Exercise: Please give back, word for word, only the lines starting at the one containing "- u \<bullet>" and ending at the one containing "using x by (simp_all add: abs_le_iff)" within the material below.

·····

lemma beta_attained:
  assumes "x \<in> E" "0 < r"
  obtains n where "norm n = 1" "beta E x r * r = strip_width (E \<inter> ball x r) x n"
    "\<And>m. norm m = 1 \<Longrightarrow> beta E x r * r \<le> strip_width (E \<inter> ball x r) x m"
proof -
  let ?F = "E \<inter> ball x r"
  have F: "?F \<subseteq> ball x r" "?F \<noteq> {}"
    using assms by auto
  obtain n where n: "norm n = 1"
    and min: "\<And>m. norm m = 1 \<Longrightarrow> strip_width ?F x n \<le> strip_width ?F x m"
    using strip_width_attains_min[OF F] by blast
  have "(INF l \<in> lines_through x. width E x r l) = strip_width ?F x n"
  proof (rule cInf_eq_minimum)
    show "strip_width ?F x n \<in> width E x r ` lines_through x"
      using normal_line_in_lines_through[OF n] width_normal_line[OF n] by (metis image_eqI)
  next
    fix w assume "w \<in> width E x r ` lines_through x"
    then obtain v where v: "v \<noteq> 0" "w = width E x r {x + t *\<^sub>R v | t. True}"
      unfolding lines_through_def by auto
    define m where "m = (1 / norm v) *\<^sub>R rot90 v"
    have m: "norm m = 1"
      using v(1) by (simp add: m_def)
    have perp: "(p - x) \<bullet> m = 0" if "p \<in> {x + t *\<^sub>R v | t. True}" for p
      using that by (auto simp: m_def inner_commute[of v])
    have "x \<in> {x + t *\<^sub>R v | t. True}"
      by (intro CollectI exI[of _ 0]) simp
    from strip_width_le_width[OF this m perp F(2)]
    have "strip_width ?F x m \<le> w"
      using v(2) by simp
    then show "strip_width ?F x n \<le> w"
      using min[OF m] by linarith
  qed
  then have "beta E x r * r = strip_width ?F x n"
    using assms(2) by (simp add: beta_def)
  then show thesis
    using that n min by simp
qed

lemma convex_Dplus: "convex (Dplus x r n t)"
proof -
  have "Dplus x r n t = ball x r \<inter> {z. t + n \<bullet> x < n \<bullet> z}"
    by (auto simp: Dplus_def inner_diff_left inner_commute[of n])
  then show ?thesis
    by (simp add: convex_Int convex_halfspace_gt)
qed

lemma convex_Dminus: "convex (Dminus x r n t)"
proof -
  have "Dminus x r n t = ball x r \<inter> {z. t + (- n) \<bullet> x < (- n) \<bullet> z}"
    by (auto simp: Dminus_def inner_diff_left inner_commute[of n])
  then show ?thesis
    by (metis convex_Int convex_ball convex_halfspace_gt)
qed

lemma Dplus_subset_complement:
  assumes "strip_width (E \<inter> ball x r) x n \<le> t"
  shows "Dplus x r n t \<subseteq> ball x r - E"
  using strip_width_upper[of "E \<inter> ball x r" x r _ n] assms by (force simp: Dplus_def)

lemma Dminus_subset_complement:
  assumes "strip_width (E \<inter> ball x r) x n \<le> t"
  shows "Dminus x r n t \<subseteq> ball x r - E"
  using strip_width_upper[of "E \<inter> ball x r" x r _ n] assms by (force simp: Dminus_def)

lemma separatesI:
  assumes "beta E x r \<le> 1 / 2" "norm n = 1"
    and flat: "beta E x r * r = strip_width (E \<inter> ball x r) x n"
    and p: "p \<in> Dplus x r n (beta E x r * r)" and q: "q \<in> Dminus x r n (beta E x r * r)"
    and apart: "\<not> connected_component (ball x r - E) p q"
  shows "separates E x r"
proof -
  let ?S = "ball x r - E" and ?b = "beta E x r * r"
  have D: "Dplus x r n ?b \<subseteq> ?S" "Dminus x r n ?b \<subseteq> ?S"
    using flat by (simp_all add: Dplus_subset_complement Dminus_subset_complement)
  let ?C1 = "connected_component_set ?S p" and ?C2 = "connected_component_set ?S q"
  have "Dplus x r n ?b \<subseteq> ?C1"
    by (rule connected_component_maximal[OF p convex_connected[OF convex_Dplus] D(1)])
  moreover have "Dminus x r n ?b \<subseteq> ?C2"
    by (rule connected_component_maximal[OF q convex_connected[OF convex_Dminus] D(2)])
  moreover have "?C1 \<noteq> ?C2"
  proof -
    have "q \<in> ?C2"
      using q D(2) by auto
    then show ?thesis
      using apart by auto
  qed
  moreover have "?C1 \<in> components ?S" "?C2 \<in> components ?S"
    using p q D by (simp_all add: componentsI subset_iff)
  ultimately have "\<exists>C1 \<in> components ?S. \<exists>C2 \<in> components ?S.
      C1 \<noteq> C2 \<and> Dplus x r n ?b \<subseteq> C1 \<and> Dminus x r n ?b \<subseteq> C2"
    by meson
  moreover have "width E x r (normal_line x n) = ?b"
    using flat width_normal_line[OF assms(2)] by simp
  moreover have "\<forall>z \<in> normal_line x n. (z - x) \<bullet> n = 0"
    using inner_normal_line by blast
  ultimately show ?thesis
    unfolding separates_def using assms(1,2)
    by (intro conjI bexI[OF _ normal_line_in_lines_through[OF assms(2)]] exI[of _ n]) auto
qed

lemma not_connected_across_strip:
  assumes C: "C1 \<in> components S" "C2 \<in> components S" "C1 \<noteq> C2"
    and D: "Dplus y R \<nu> w \<subseteq> C1" "Dminus y R \<nu> w \<subseteq> C2"
    and x: "\<bar>(x - y) \<bullet> \<nu>\<bar> \<le> w" and u: "2 * w < \<bar>u \<bullet> \<nu>\<bar>"
    and in_ball: "x + u \<in> ball y R" "x - u \<in> ball y R" and "S' \<subseteq> S"
  shows "\<not> connected_component S' (x + u) (x - u)"
proof
  have shift: "(x + u - y) \<bullet> \<nu> = (x - y) \<bullet> \<nu> + u \<bullet> \<nu>" "(x - u - y) \<bullet> \<nu> = (x - y) \<bullet> \<nu> - u \<bullet> \<nu>"
    by (simp_all add: algebra_simps inner_diff_left inner_add_left)
  have x_strip: "- w \<le> (x - y) \<bullet> \<nu>" "(x - y) \<bullet> \<nu> \<le> w"
    using x by (simp_all add: abs_le_iff)
  have sides: "x + u \<in> C1 \<and> x - u \<in> C2 \<or> x + u \<in> C2 \<and> x - u \<in> C1"
  proof (cases "0 \<le> u \<bullet> \<nu>")
    case True
    then have "x + u \<in> Dplus y R \<nu> w" "x - u \<in> Dminus y R \<nu> w"
      using x_strip u in_ball by (simp_all add: Dplus_def Dminus_def shift)
    then show ?thesis
      using D by blast
  next
    case False
    then have "x - u \<in> Dplus y R \<nu> w" "x + u \<in> Dminus y R \<nu> w"
      using x_strip u in_ball by (simp_all add: Dplus_def Dminus_def shift)
    then show ?thesis
      using D by blast
  qed
  assume "connected_component S' (x + u) (x - u)"
  then obtain T where T: "connected T" "T \<subseteq> S'" "x + u \<in> T" "x - u \<in> T"
    unfolding connected_component_def by blast
  then have "C1 = C2"
    using joinable_components_eq[of T S C1 C2] \<open>S' \<subseteq> S\<close> C(1,2) sides by blast
  with C(3) show False ..
qed

lemma separates_subball:
  assumes sep: "separates E y R" and "0 < \<rho>" "x \<in> E" "ball x \<rho> \<subseteq> ball y R"
    and flat: "beta E y R * R \<le> \<rho> / 4"
  shows "separates E x \<rho>"
proof -
  define w where "w = beta E y R * R"
  from sep obtain l \<nu> C1 C2 where l: "l \<in> lines_through y" "width E y R l = w"
    and \<nu>: "norm \<nu> = 1" "\<forall>z \<in> l. (z - y) \<bullet> \<nu> = 0"
    and C: "C1 \<in> components (ball y R - E)" "C2 \<in> components (ball y R - E)" "C1 \<noteq> C2"
    and D: "Dplus y R \<nu> w \<subseteq> C1" "Dminus y R \<nu> w \<subseteq> C2"
    unfolding separates_def w_def by blast
  have strip: "\<bar>(z - y) \<bullet> \<nu>\<bar> \<le> w" if "z \<in> E \<inter> ball y R" for z
    using abs_inner_le_width[OF l(1) \<nu> that] l(2) by simp
  have x: "x \<in> E \<inter> ball y R"
    using assms(2-4) by (meson IntI centre_in_ball subsetD)
  obtain n where n: "norm n = 1" "beta E x \<rho> * \<rho> = strip_width (E \<inter> ball x \<rho>) x n"
    and min: "\<And>m. norm m = 1 \<Longrightarrow> beta E x \<rho> * \<rho> \<le> strip_width (E \<inter> ball x \<rho>) x m"
    using beta_attained[OF assms(3,2)] by blast
  have "strip_width (E \<inter> ball x \<rho>) x \<nu> \<le> 2 * w"
    using strip assms(2-4) by (intro strip_width_shift_le[where y = y]) auto
  then have small: "beta E x \<rho> * \<rho> \<le> \<rho> / 2"
    using min[OF \<nu>(1)] flat w_def by linarith
  obtain u where u: "norm u < \<rho>" "\<rho> / 2 < u \<bullet> n" "\<rho> / 2 < \<bar>u \<bullet> \<nu>\<bar>"
    using exists_short_vector_inner_gt_half[OF n(1) \<nu>(1) assms(2)] .
  have in_ball: "x + u \<in> ball x \<rho>" "x - u \<in> ball x \<rho>"
    using u(1) by (simp_all add: dist_norm)
  have "\<not> connected_component (ball x \<rho> - E) (x + u) (x - u)"
  proof (rule not_connected_across_strip[OF C D strip[OF x]])
    show "2 * w < \<bar>u \<bullet> \<nu>\<bar>"
      using u(3) flat w_def by linarith
    show "x + u \<in> ball y R" "x - u \<in> ball y R"
      using in_ball assms(4) by blast+
    show "ball x \<rho> - E \<subseteq> ball y R - E"
      using assms(4) by blast
  qed
  moreover have "x + u \<in> Dplus x \<rho> n (beta E x \<rho> * \<rho>)" "x - u \<in> Dminus x \<rho> n (beta E x \<rho> * \<rho>)"
    using in_ball u(2) small by (simp_all add: Dplus_def Dminus_def inner_diff_left inner_add_left)
  moreover have "beta E x \<rho> \<le> 1 / 2"
    using small assms(2) by (simp add: field_simps)
  ultimately show ?thesis
    using n by (intro separatesI[where n = n and p = "x + u" and q = "x - u"])
qed

lemma dyadic_descent:
  fixes P :: "real \<Rightarrow> bool"
  assumes "0 < r" "r \<le> R" "P R"
    and step: "\<And>s t. r \<le> t \<Longrightarrow> t \<le> s \<Longrightarrow> s \<le> R \<Longrightarrow> s \<le> 2 * t \<Longrightarrow> P s \<Longrightarrow> P t"
  shows "P r"
proof -
  have "P t" if "r \<le> t" "t \<le> R" "R \<le> 2 ^ k * t" for k t
    using that
  proof (induction k arbitrary: t)
    case 0
    then show ?case using assms(3) by simp
  next
    case (Suc k)
    define s where "s = min (2 * t) R"
    have "R \<le> 2 ^ k * s"
      using Suc.prems assms(1) by (auto simp: s_def min_def)
    then have "P s"
      using Suc.IH Suc.prems assms(1) by (simp add: s_def)
    then show ?case
      using step[of t s] Suc.prems assms(1) by (simp add: s_def)
  qed
  moreover obtain k :: nat where "R / r < 2 ^ k"
    using real_arch_pow[of 2 "R / r"] by auto
  then have "R \<le> 2 ^ k * r"
    using assms(1) by (simp add: field_simps)
  ultimately show ?thesis
    using assms(1,2) by simp
qed

lemma separates_down_to_scale:
  assumes "separates E x R" "x \<in> E" "0 < r" "r \<le> R"
    and flat: "\<forall>t \<in> {r..R}. beta E x t \<le> 1 / 8"
  shows "separates E x r"
proof (rule dyadic_descent[where P = "separates E x", OF assms(3,4,1)])
  fix s t
  assume st: "r \<le> t" "t \<le> s" "s \<le> R" "s \<le> 2 * t" and "separates E x s"
  have "beta E x s * s \<le> s / 8"
    using mult_right_mono[of "beta E x s" "1 / 8" s] flat st assms(3) by simp
  then have "beta E x s * s \<le> t / 4"
    using st by linarith
  then show "separates E x t"
    using separates_subball[OF \<open>separates E x s\<close>, of t x] st assms(2,3) by (auto simp: subset_ball)
qed

theorem lemma4p15:
  fixes x0 :: pt and r0 :: real and E :: "pt set"
  assumes "r0 > 0"
    and "E \<subseteq> ball x0 r0"
    and "closedin (top_of_set (ball x0 r0)) E"
    and "x0 \<in> E"
    and "separates E x0 r0"
  shows "(\<forall>x \<gamma>. x \<in> E \<inter> ball x0 r0 \<and> \<gamma> > 0 \<and> ball x (\<gamma> * r0) \<subseteq> ball x0 r0
              \<and> beta E x0 r0 \<le> \<gamma> / 4 \<longrightarrow> separates E x (\<gamma> * r0))
       \<and> (beta E x0 r0 \<le> 1/100 \<longrightarrow>
          (\<forall>x rx r. x \<in> E \<inter> ball x0 (9 * r0 / 10) \<and> rx \<ge> r0 / 10
              \<and> ball x rx \<subseteq> ball x0 r0 \<and> 0 < r \<and> r \<le> rx
              \<and> (\<forall>t \<in> {r..rx}. beta E x t \<le> 1/8)
              \<longrightarrow> separates E x r))"
proof (intro conjI allI impI)
  fix x \<gamma>
  assume h: "x \<in> E \<inter> ball x0 r0 \<and> \<gamma> > 0 \<and> ball x (\<gamma> * r0) \<subseteq> ball x0 r0
    \<and> beta E x0 r0 \<le> \<gamma> / 4"
  then have "beta E x0 r0 * r0 \<le> \<gamma> * r0 / 4"
    using assms(1) by (simp add: mult_right_mono)
  then show "separates E x (\<gamma> * r0)"
    using separates_subball[OF assms(5)] h assms(1) by simp
next
  fix x rx r
  assume flat: "beta E x0 r0 \<le> 1 / 100"
    and h: "x \<in> E \<inter> ball x0 (9 * r0 / 10) \<and> rx \<ge> r0 / 10 \<and> ball x rx \<subseteq> ball x0 r0
      \<and> 0 < r \<and> r \<le> rx \<and> (\<forall>t \<in> {r..rx}. beta E x t \<le> 1 / 8)"
  have "beta E x0 r0 * r0 \<le> r0 / 100"
    using mult_right_mono[OF flat, of r0] assms(1) by simp
  then have "beta E x0 r0 * r0 \<le> rx / 4"
    using h by linarith
  then have "separates E x rx"
    using separates_subball[OF assms(5)] h by auto
  then show "separates E x r"
    using separates_down_to_scale h by blast
qed

end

·····

Solution for this problem:
  have shift: "(x + u - y) \<bullet> \<nu> = (x - y) \<bullet> \<nu> + u \<bullet> \<nu>" "(x - u - y) \<bullet> \<nu> = (x - y) \<bullet> \<nu> - u \<bullet> \<nu>"
    by (simp_all add: algebra_simps inner_diff_left inner_add_left)
  have x_strip: "- w \<le> (x - y) \<bullet> \<nu>" "(x - y) \<bullet> \<nu> \<le> w"
    using x by (simp_all add: abs_le_iff)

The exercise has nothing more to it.